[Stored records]
┏━━

lemma indicator_vimage_bound_if_comp_bounded_weak_OM:
  fixes \<psi> :: "'a::euclidean_space \<Rightarrow> 'a"
  assumes Y: "young_function \<Phi>" and \<psi>: "\<psi> \<in> lebesgue \<rightarrow>\<^sub>M lebesgue"
    and "comp_bounded_weak_OM \<Phi> \<phi> \<psi>"
  shows "\<exists>K>0. \<forall>A \<in> sets lebesgue.
    orlicz_morrey_norm \<Phi> \<phi> (indicator (\<psi> -` A) :: 'a \<Rightarrow> real)
      \<le> ennreal K * orlicz_morrey_norm \<Phi> \<phi> (indicator A :: 'a \<Rightarrow> real)"
proof -
  obtain C where "C > 0" and C: "\<And>f. f \<in> weak_orlicz_morrey \<Phi> \<phi> \<Longrightarrow>
      weak_orlicz_morrey_norm \<Phi> \<phi> (f \<circ> \<psi>) \<le> ennreal C * weak_orlicz_morrey_norm \<Phi> \<phi> f"
    using assms(3) unfolding comp_bounded_weak_OM_def by blast
  have "orlicz_morrey_norm \<Phi> \<phi> (indicator (\<psi> -` A) :: 'a \<Rightarrow> real)
      \<le> ennreal C * orlicz_morrey_norm \<Phi> \<phi> (indicator A :: 'a \<Rightarrow> real)"
    if A: "A \<in> sets lebesgue" for A
  proof (cases "orlicz_morrey_norm \<Phi> \<phi> (indicator A :: 'a \<Rightarrow> real) = \<infinity>")
    case False
    have "\<psi> -` A \<in> sets lebesgue" using measurable_sets[OF \<psi> A] by simp
    moreover have "indicator A \<circ> \<psi> = indicator (\<psi> -` A)" by (auto simp: indicator_def)
    moreover have "(indicator A :: 'a \<Rightarrow> real) \<in> weak_orlicz_morrey \<Phi> \<phi>"
      using A False
      by (simp add: weak_orlicz_morrey_def weak_orlicz_morrey_norm_indicator[OF Y] top.not_eq_extremum)
    ultimately show ?thesis
      using C by (metis weak_orlicz_morrey_norm_indicator[OF Y] A)
  qed (use \<open>C > 0\<close> in \<open>simp add: ennreal_mult_top\<close>)
  then show ?thesis using \<open>C > 0\<close> by blast
qed

lemma comp_bounded_weak_OM_if_indicator_vimage_bound:
  fixes \<psi> :: "'a::euclidean_space \<Rightarrow> 'a"
  assumes Y: "young_function \<Phi>" and \<psi>: "\<psi> \<in> lebesgue \<rightarrow>\<^sub>M lebesgue" and "K > 0"
    and K: "\<forall>A \<in> sets lebesgue.
      orlicz_morrey_norm \<Phi> \<phi> (indicator (\<psi> -` A) :: 'a \<Rightarrow> real)
        \<le> ennreal K * orlicz_morrey_norm \<Phi> \<phi> (indicator A :: 'a \<Rightarrow> real)"
  shows "comp_bounded_weak_OM \<Phi> \<phi> \<psi>"
proof -
  have "f \<circ> \<psi> \<in> weak_orlicz_morrey \<Phi> \<phi> \<and>
      weak_orlicz_morrey_norm \<Phi> \<phi> (f \<circ> \<psi>) \<le> ennreal K * weak_orlicz_morrey_norm \<Phi> \<phi> f"
    if "f \<in> weak_orlicz_morrey \<Phi> \<phi>" for f
  proof -
    have f: "f \<in> borel_measurable lebesgue" and "weak_orlicz_morrey_norm \<Phi> \<phi> f < \<infinity>"
      using that unfolding weak_orlicz_morrey_def by auto
    have le: "weak_orlicz_morrey_norm \<Phi> \<phi> (f \<circ> \<psi>) \<le> ennreal K * weak_orlicz_morrey_norm \<Phi> \<phi> f"
      using K by (intro weak_orlicz_morrey_norm_comp_le[OF Y \<psi> f]) blast
    also have "\<dots> < \<infinity>"
      using \<open>weak_orlicz_morrey_norm \<Phi> \<phi> f < \<infinity>\<close> by (simp add: ennreal_mult_less_top)
    finally show ?thesis
      using le measurable_comp[OF \<psi> f] by (simp add: weak_orlicz_morrey_def)
  qed
  then show ?thesis unfolding comp_bounded_weak_OM_def using \<open>K > 0\<close> by blast
qed

theorem theorem1p12:
  fixes \<Phi> \<phi> :: "real \<Rightarrow> real" and \<psi> :: "real ^ 'n \<Rightarrow> real ^ 'n"
  assumes "young_function \<Phi>" and "G_dec_1 \<phi>"
    and "\<psi> \<in> lebesgue \<rightarrow>\<^sub>M lebesgue"
  shows "comp_bounded_weak_OM \<Phi> \<phi> \<psi> \<longleftrightarrow>
    (\<exists>K>0. \<forall>A \<in> sets lebesgue.
       orlicz_morrey_norm \<Phi> \<phi> (indicator (\<psi> -` A) :: real ^ 'n \<Rightarrow> real)
         \<le> ennreal K * orlicz_morrey_norm \<Phi> \<phi> (indicator A :: real ^ 'n \<Rightarrow> real))"
  using indicator_vimage_bound_if_comp_bounded_weak_OM[OF assms(1,3)]
    comp_bounded_weak_OM_if_indicator_vimage_bound[OF assms(1,3)]
  by blast

end
lemma sign_step:
  assumes "snake ts" "sign_function ts f" "ed \<in> {north (last ts), east (last ts)}" "i < length ts"
  shows "f (edge_seq ts ed ! Suc i) = f (edge_seq ts ed ! i) \<longleftrightarrow>
    exit_dirs ts ed ! i \<noteq> (0 < i \<and> exit_dirs ts ed ! (i - 1))"
proof -
  have "ts ! i \<in> set ts" using assms(4) by simp
  then have "f (north (ts ! i)) = f (west (ts ! i))" "f (south (ts ! i)) = f (east (ts ! i))"
    "f (north (ts ! i)) \<noteq> f (south (ts ! i))"
    using assms(2) by (auto simp: sign_function_def)
  then show ?thesis
    unfolding edge_seq_nth_Suc[OF assms(1,3,4)] edge_seq_nth[OF assms(1,3,4)]
    by (cases "exit_dirs ts ed ! i"; cases "0 < i \<and> exit_dirs ts ed ! (i - 1)") simp_all
qed

lemma dirs_from_signs_edge_seq:
  assumes "snake ts" "sign_function ts f" "ed \<in> {north (last ts), east (last ts)}"
    and P: "P = map f (edge_seq ts ed)"
  shows "dirs_from_signs False (hd P) (tl P) = exit_dirs ts ed"
proof -
  let ?d = "dirs_from_signs False (hd P) (tl P)" and ?e = "exit_dirs ts ed"
  have ne: "ts \<noteq> []" using assms(1) by (simp add: snake_def)
  have len: "length P = Suc (length ts)" using P length_edge_seq[OF ne] by simp
  have d: "?d ! i = ((0 < i \<and> ?d ! (i - 1)) \<noteq> (P ! i = P ! Suc i))" if "i < length ts" for i
  proof -
    have "hd P # tl P = P" using len by (cases P) auto
    then show ?thesis
      using nth_dirs_from_signs[of i "tl P" False "hd P"] that len by (simp add: nth_tl)
  qed
  have e: "?e ! i = ((0 < i \<and> ?e ! (i - 1)) \<noteq> (P ! i = P ! Suc i))" if "i < length ts" for i
    using sign_step[OF assms(1-3) that] that len P by auto
  have "?d ! i = ?e ! i" if "i < length ts" for i
    using that
  proof (induction i)
    case 0
    then show ?case using d[of 0] e[of 0] by simp
  next
    case (Suc i)
    then show ?case using d[of "Suc i"] e[of "Suc i"] by simp
  qed
  then show ?thesis
    using len by (intro nth_equalityI) (auto simp: exit_dirs_def ne)
qed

┗━━

Exercise instructions —
Above are records; repeat only the lines starting at the line with "C * weak_orlicz_morrey_norm" and ending at the line with "qed (use \<open>C", exactly as they appear, both included.

Answer area —
      weak_orlicz_morrey_norm \<Phi> \<phi> (f \<circ> \<psi>) \<le> ennreal C * weak_orlicz_morrey_norm \<Phi> \<phi> f"
    using assms(3) unfolding comp_bounded_weak_OM_def by blast
  have "orlicz_morrey_norm \<Phi> \<phi> (indicator (\<psi> -` A) :: 'a \<Rightarrow> real)
      \<le> ennreal C * orlicz_morrey_norm \<Phi> \<phi> (indicator A :: 'a \<Rightarrow> real)"
    if A: "A \<in> sets lebesgue" for A
  proof (cases "orlicz_morrey_norm \<Phi> \<phi> (indicator A :: 'a \<Rightarrow> real) = \<infinity>")
    case False
    have "\<psi> -` A \<in> sets lebesgue" using measurable_sets[OF \<psi> A] by simp
    moreover have "indicator A \<circ> \<psi> = indicator (\<psi> -` A)" by (auto simp: indicator_def)
    moreover have "(indicator A :: 'a \<Rightarrow> real) \<in> weak_orlicz_morrey \<Phi> \<phi>"
      using A False
      by (simp add: weak_orlicz_morrey_def weak_orlicz_morrey_norm_indicator[OF Y] top.not_eq_extremum)
    ultimately show ?thesis
      using C by (metis weak_orlicz_morrey_norm_indicator[OF Y] A)
  qed (use \<open>C > 0\<close> in \<open>simp add: ennreal_mult_top\<close>)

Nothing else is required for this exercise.